● **YOUR ASSIGNMENT**:
Scan the entries below for the word "that". Copy out every line in which it occurs.

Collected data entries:
lemma diskD_hit_index_far:
  assumes "p \<in> unit_cell (a, b)" "q \<in> unit_cell (i, j)" "(k, l) \<in> unit_cells_hit (diskD p q)"
    and "(dist p q)\<^sup>2 \<le> 2"
  shows "\<not> ((2 \<le> \<bar>k - a\<bar> \<or> 2 \<le> \<bar>l - b\<bar>) \<and> (2 \<le> \<bar>k - i\<bar> \<or> 2 \<le> \<bar>l - j\<bar>))"
proof
  assume far: "(2 \<le> \<bar>k - a\<bar> \<or> 2 \<le> \<bar>l - b\<bar>) \<and> (2 \<le> \<bar>k - i\<bar> \<or> 2 \<le> \<bar>l - j\<bar>)"
  obtain z where z: "z \<in> unit_cell (k, l)" "z \<in> diskD p q"
    using assms(3) unfolding unit_cells_hit_def by blast
  have "1 < dist p z" "1 < dist q z"
    using far unit_cells_dist_gap[OF assms(1) z(1)] unit_cells_dist_gap[OF assms(2) z(1)] by linarith+
  then have "1 < (dist p z)\<^sup>2" "1 < (dist q z)\<^sup>2"
    by (simp_all add: less_1_mult power2_eq_square)
  then show False
    using diskD_pythagoras[OF z(2)] assms(4) by linarith
qed

lemma diskD_hit_index_constraints:
  assumes "p \<in> unit_cell (a, b)" "q \<in> unit_cell (i, j)" "(k, l) \<in> unit_cells_hit (diskD p q)"
    and "(dist p q)\<^sup>2 \<le> 2"
  shows "\<bar>2 * k - a - i\<bar> \<le> 3 \<and> \<bar>2 * l - b - j\<bar> \<le> 3
    \<and> (min a i \<le> k \<and> k \<le> max a i \<or> min b j \<le> l \<and> l \<le> max b j)
    \<and> \<not> ((2 \<le> \<bar>k - a\<bar> \<or> 2 \<le> \<bar>l - b\<bar>) \<and> (2 \<le> \<bar>k - i\<bar> \<or> 2 \<le> \<bar>l - j\<bar>))"
proof -
  have "real_of_int \<bar>2 * k - a - i\<bar> < of_int 4" "real_of_int \<bar>2 * l - b - j\<bar> < of_int 4"
    using diskD_hit_index_near_midpoint[OF assms(1-3)] dist_lt_2_if_dist_sq_le_2[OF assms(4)] by simp_all
  then have "\<bar>2 * k - a - i\<bar> \<le> 3 \<and> \<bar>2 * l - b - j\<bar> \<le> 3"
    unfolding of_int_less_iff by linarith
  then show ?thesis
    using diskD_hit_index_between[OF assms(1-3)] diskD_hit_index_far[OF assms] by blast
qed

lemma diskD_diagonal_hits:
  assumes "p \<in> unit_cell (0, 0)" "q \<in> unit_cell (1, 1)" "dist p q \<le> 1"
  shows "unit_cells_hit (diskD p q) \<subseteq> {(0, 0), (0, 1), (1, 0), (1, 1)}"
proof (rule subrelI)
  fix k l assume "(k, l) \<in> unit_cells_hit (diskD p q)"
  then have "real_of_int \<bar>2 * k - 1\<bar> < of_int 3" "real_of_int \<bar>2 * l - 1\<bar> < of_int 3"
    using diskD_hit_index_near_midpoint[OF assms(1,2), of k l] assms(3) by simp_all
  then have "k \<in> {0, 1}" "l \<in> {0, 1}"
    unfolding of_int_less_iff by (simp_all add: abs_less_iff) presburger+
  then show "(k, l) \<in> {(0, 0), (0, 1), (1, 0), (1, 1)}"
    by auto
qed

definition plus_star :: "int \<times> int \<Rightarrow> (int \<times> int) set" where
  "plus_star c = {c, (fst c - 1, snd c), (fst c + 1, snd c), (fst c, snd c - 1), (fst c, snd c + 1)}"

lemma diskD_same_cell_hits:
  assumes "p \<in> unit_cell c" "q \<in> unit_cell c"
  shows "unit_cells_hit (diskD p q) \<subseteq> plus_star c"
proof (rule subrelI)
  fix k l assume "(k, l) \<in> unit_cells_hit (diskD p q)"
  moreover obtain a b where c: "c = (a, b)" by fastforce
  ultimately have "\<bar>2 * k - a - a\<bar> \<le> 3 \<and> \<bar>2 * l - b - b\<bar> \<le> 3 \<and> (k = a \<or> l = b)"
    using diskD_hit_index_constraints[of p a b q a b k l] assms unit_cell_dist_sq_lt_2[OF assms] by auto
  then have "k = a \<and> (l = b - 1 \<or> l = b \<or> l = b + 1) \<or> l = b \<and> (k = a - 1 \<or> k = a + 1)"
    by (auto simp: abs_le_iff)
  then show "(k, l) \<in> plus_star c"
    unfolding c plus_star_def by auto
qed

definition disk_chain :: "real \<times> real \<Rightarrow> real \<times> real \<Rightarrow> real \<times> real \<Rightarrow> real \<times> real \<Rightarrow> (real \<times> real) set" where
  "disk_chain p1 p2 p3 p4 = diskD p1 p2 \<union> diskD p2 p3 \<union> diskD p3 p4"

lemma disk_chain_hits_subset:
  assumes "p1 \<in> unit_cell c'" "p2 \<in> unit_cell c'" "p3 \<in> unit_cell c" "p4 \<in> unit_cell c"
  shows "unit_cells_hit (disk_chain p1 p2 p3 p4) \<subseteq> plus_star c' \<union> plus_star c \<union> unit_cells_hit (diskD p2 p3)"
  using diskD_same_cell_hits[OF assms(1,2)] diskD_same_cell_hits[OF assms(3,4)]
  unfolding disk_chain_def unit_cells_hit_Un by blast

lemma diskD_hits_not_far_apart:
  assumes "dist p q < 2" "3 \<le> \<bar>k1 - k2\<bar> \<or> 3 \<le> \<bar>l1 - l2\<bar>"
  shows "\<not> {(k1, l1), (k2, l2)} \<subseteq> unit_cells_hit (diskD p q)"
proof
  assume "{(k1, l1), (k2, l2)} \<subseteq> unit_cells_hit (diskD p q)"
  then obtain z1 z2 where z: "z1 \<in> unit_cell (k1, l1)" "z1 \<in> diskD p q" "z2 \<in> unit_cell (k2, l2)" "z2 \<in> diskD p q"
    unfolding unit_cells_hit_def by blast
  have "real_of_int \<bar>k1 - k2\<bar> < of_int 3" "real_of_int \<bar>l1 - l2\<bar> < of_int 3"
    using unit_cells_dist_gap[OF z(3,1)] diskD_diameter[OF z(2,4)] assms(1) by (simp_all add: dist_commute)
  then show False
    using assms(2) unfolding of_int_less_iff by linarith
qed

lemma card_plus_star: "finite (plus_star c) \<and> card (plus_star c) = 5"
  by (cases c) (simp add: plus_star_def)

lemma disk_chain_hits_same_cell:
  assumes "p1 \<in> unit_cell c" "p2 \<in> unit_cell c" "p3 \<in> unit_cell c" "p4 \<in> unit_cell c"
  shows "unit_cells_hit (disk_chain p1 p2 p3 p4) \<subseteq> plus_star c"
  using disk_chain_hits_subset[OF assms] diskD_same_cell_hits[OF assms(2,3)] by blast

lemma finite_card_le_if_subset_Un:
  assumes "H \<subseteq> N \<union> E" "finite N" "finite E" "card N + card E \<le> n"
  shows "finite H \<and> card H \<le> n"
  using card_mono[OF _ assms(1)] card_Un_le[of N E] assms(2-4) finite_subset[OF assms(1)] by fastforce
lemma card_pstring_pairs_pierced_at:
  assumes "B \<in> A_set (2 * s - 1) k"
  shows "card {(U, W). pstring s U \<and> pstring s W \<and> B \<subseteq> pierced_positions s U W} = (catalan (s - k))\<^sup>2"
proof -
  have B: "B \<subseteq> {1..2 * s - 2}" "card B = k" "sparse B"
    using assms unfolding A_set_iff by (simp_all add: diff_diff_left numeral_2_eq_2)
  then have "finite B"
    using finite_subset by blast
  define D where "D = (\<lambda>i. i - 1) ` B"
  have range: "1 \<le> i \<and> i \<le> 2 * s - 2" if "i \<in> B" for i
    using that B(1) by auto
  have room: "i - 1 + 2 \<le> 2 * s" "i + 2 \<le> 2 * s" if "i \<in> B" for i
    using range[OF that] by linarith+
  have "inj_on (\<lambda>i. i - 1) B"
    using range
    by (intro inj_onI) (metis le_add_diff_inverse2)
  then have "card D = k"
    using B(2) by (simp add: D_def card_image)
  have "sparse D"
    using B(1,3) unfolding sparse_def D_def by (fastforce dest!: bspec)
  have "{(U, W). pstring s U \<and> pstring s W \<and> B \<subseteq> pierced_positions s U W} =
      {U. pstring s U \<and> peaks_at D U} \<times> {W. pstring s W \<and> peaks_at B W}"
    using range by (auto simp: pierced_positions_def pierced_iff_peaks_at pstring_def D_def peaks_at_def)
  moreover have "card {U. pstring s U \<and> peaks_at D U} = catalan (s - k)"
    using \<open>finite B\<close> \<open>sparse D\<close> \<open>card D = k\<close> room by (simp add: D_def card_pstrings_peaks_at)
  moreover have "card {W. pstring s W \<and> peaks_at B W} = catalan (s - k)"
    using \<open>finite B\<close> B(2,3) room by (simp add: card_pstrings_peaks_at)
  ultimately show ?thesis
    by (simp add: card_cartesian_product power2_eq_square)
qed

section \<open>Double counting\<close>

lemma sum_mult_card_fibres:
  assumes "finite X" and "finite M" and "f ` X \<subseteq> M"
  shows "(\<Sum>m\<in>M. g m * card {x \<in> X. f x = m}) = (\<Sum>x\<in>X. g (f x))"
proof -
  have "(\<Sum>m\<in>M. g m * card {x \<in> X. f x = m}) = (\<Sum>m\<in>M. \<Sum>x \<in> {x \<in> X. f x = m}. g (f x))"
    by (intro sum.cong) auto
  also have "\<dots> = (\<Sum>x\<in>X. g (f x))"
    using assms by (rule sum.group)
  finally show ?thesis .
qed

lemma O_count_eq: "O_count s k = card (A_set (2 * s - 1) k) * (catalan (s - k))\<^sup>2"
  by (simp add: O_count_def card_cartesian_product card_pstrings power2_eq_square)

lemma O_count_eq_sum_E_count: "O_count s k = (\<Sum>m = k..s. (m choose k) * E_count s m)"
proof -
  let ?P = "pstrings s \<times> pstrings s"
  let ?A = "A_set (2 * s - 1) k"
  let ?pierced = "\<lambda>x. pierced_positions s (fst x) (snd x)"
  let ?num = "\<lambda>x. num_pierced s (fst x) (snd x)"
  have E: "E_count s m = card {x \<in> ?P. ?num x = m}" for m
    unfolding E_count_def by (rule arg_cong[where f = card]) (auto simp: pstrings_def)
  have in_A_set: "?pierced x \<in> A_set (2 * s - 1) (?num x)" if "x \<in> ?P" for x
    using that pierced_positions_in_A_set by (auto simp: pstrings_def)
  then have bound: "?num ` ?P \<subseteq> {..s}"
    using A_set_nonempty_imp_le by fastforce
  have "(\<Sum>m = k..s. (m choose k) * E_count s m) = (\<Sum>m\<le>s. (m choose k) * E_count s m)"
    by (rule sum.mono_neutral_left) auto
  also have "\<dots> = (\<Sum>x\<in>?P. ?num x choose k)"
    unfolding E using finite_pstrings bound by (intro sum_mult_card_fibres) auto
  also have "\<dots> = (\<Sum>x\<in>?P. card {B \<in> ?A. B \<subseteq> ?pierced x})"
    using card_A_set_subsets[OF in_A_set] by (intro sum.cong) auto
  also have "\<dots> = (catalan (s - k))\<^sup>2 * card ?A"
  proof (rule sum_multicount)
    show "\<forall>B\<in>?A. card {x \<in> ?P. B \<subseteq> ?pierced x} = (catalan (s - k))\<^sup>2"
    proof
      fix B assume "B \<in> ?A"
      moreover have "{x \<in> ?P. B \<subseteq> ?pierced x} =
          {(U, W). pstring s U \<and> pstring s W \<and> B \<subseteq> pierced_positions s U W}"
        by (auto simp: pstrings_def)
      ultimately show "card {x \<in> ?P. B \<subseteq> ?pierced x} = (catalan (s - k))\<^sup>2"
        by (simp add: card_pstring_pairs_pierced_at)
    qed
  qed (simp_all add: finite_pstrings finite_A_set)
  finally show ?thesis
    by (simp add: O_count_eq)
qed

theorem lemma3p3:
  fixes s k :: nat
  assumes "1 \<le> s" and "k \<le> s"
  shows "O_count s k = (2 * s - k - 1 choose k) * (catalan (s - k))\<^sup>2 \<and>
         O_count s k = (\<Sum>m = k..s. (m choose k) * E_count s m)"
  \<comment> \<open>Both identities in fact hold for all \<open>s\<close> and \<open>k\<close>.\<close>
  using O_count_eq_sum_E_count by (simp add: O_count_eq card_A_set)

end
(* Let $X$ be a Banach space with closed linear subspaces $\lambda,\mu$. Then $\lambda\sim^{sc}\mu$ holds if and only if there are a closed subspace $\lambda_1$ of $\lambda$, a closed subspace $\mu_1$ of $\mu$ and a compact linear operator $K_1\in\mathcal{B}(X)$ such that $\dim\lambda/\lambda_1<+\infty$ and $(I+K_1)\lambda_1=\mu_1$. Moreover, in this case $\lambda_1,\mu_1,K_1$ can be chosen such that $I+K_1\colon X\to X$ and $I+K_1\colon\lambda_1\to\mu_1$ are linear isomorphisms.
   Context: For closed subspaces $\lambda,\mu$ of $X$, $\lambda\sim^{sc}\mu$ means there is a compact $K\in\mathcal{B}(X)$ with $(I+K)\lambda\subset\mu$. *)

theory Defs
  imports "HOL-Analysis.Analysis"
begin

definition closed_subspace :: "'a::real_normed_vector set \<Rightarrow> bool" where
  "closed_subspace S \<longleftrightarrow> subspace S \<and> closed S"

definition compact_op :: "('a::real_normed_vector \<Rightarrow> 'a) \<Rightarrow> bool" where
  "compact_op K \<longleftrightarrow> bounded_linear K \<and> compact (closure (K ` ball 0 1))"

definition sc_equiv :: "'a::real_normed_vector set \<Rightarrow> 'a set \<Rightarrow> bool" where
  "sc_equiv L M \<longleftrightarrow> (\<exists>K. compact_op K \<and> (\<lambda>x. x + K x) ` L \<subseteq> M)"

text \<open>dim (L / L1) < \<infinity> for a subspace L1 \<subseteq> L: L is spanned by L1 together with
  finitely many vectors of L.\<close>
definition finite_codim_in :: "'a::real_vector set \<Rightarrow> 'a set \<Rightarrow> bool" where
  "finite_codim_in L1 L \<longleftrightarrow> (\<exists>S. finite S \<and> S \<subseteq> L \<and> L \<subseteq> span (L1 \<union> S))"

definition lin_iso :: "('a::real_normed_vector \<Rightarrow> 'a) \<Rightarrow> bool" where
  "lin_iso T \<longleftrightarrow> bounded_linear T \<and> (\<exists>G. bounded_linear G \<and> G \<circ> T = id \<and> T \<circ> G = id)"

definition lin_iso_between :: "('a::real_normed_vector \<Rightarrow> 'a) \<Rightarrow> 'a set \<Rightarrow> 'a set \<Rightarrow> bool" where
  "lin_iso_between T A B \<longleftrightarrow> linear T \<and> bij_betw T A B \<and> continuous_on A T
     \<and> continuous_on B (inv_into A T)"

● **ANSWER SPACE**:
    using that B(1) by auto
    using range[OF that] by linarith+
    using that pierced_positions_in_A_set by (auto simp: pstrings_def)
(* Let $X$ be a Banach space with closed linear subspaces $\lambda,\mu$. Then $\lambda\sim^{sc}\mu$ holds if and only if there are a closed subspace $\lambda_1$ of $\lambda$, a closed subspace $\mu_1$ of $\mu$ and a compact linear operator $K_1\in\mathcal{B}(X)$ such that $\dim\lambda/\lambda_1<+\infty$ and $(I+K_1)\lambda_1=\mu_1$. Moreover, in this case $\lambda_1,\mu_1,K_1$ can be chosen such that $I+K_1\colon X\to X$ and $I+K_1\colon\lambda_1\to\mu_1$ are linear isomorphisms.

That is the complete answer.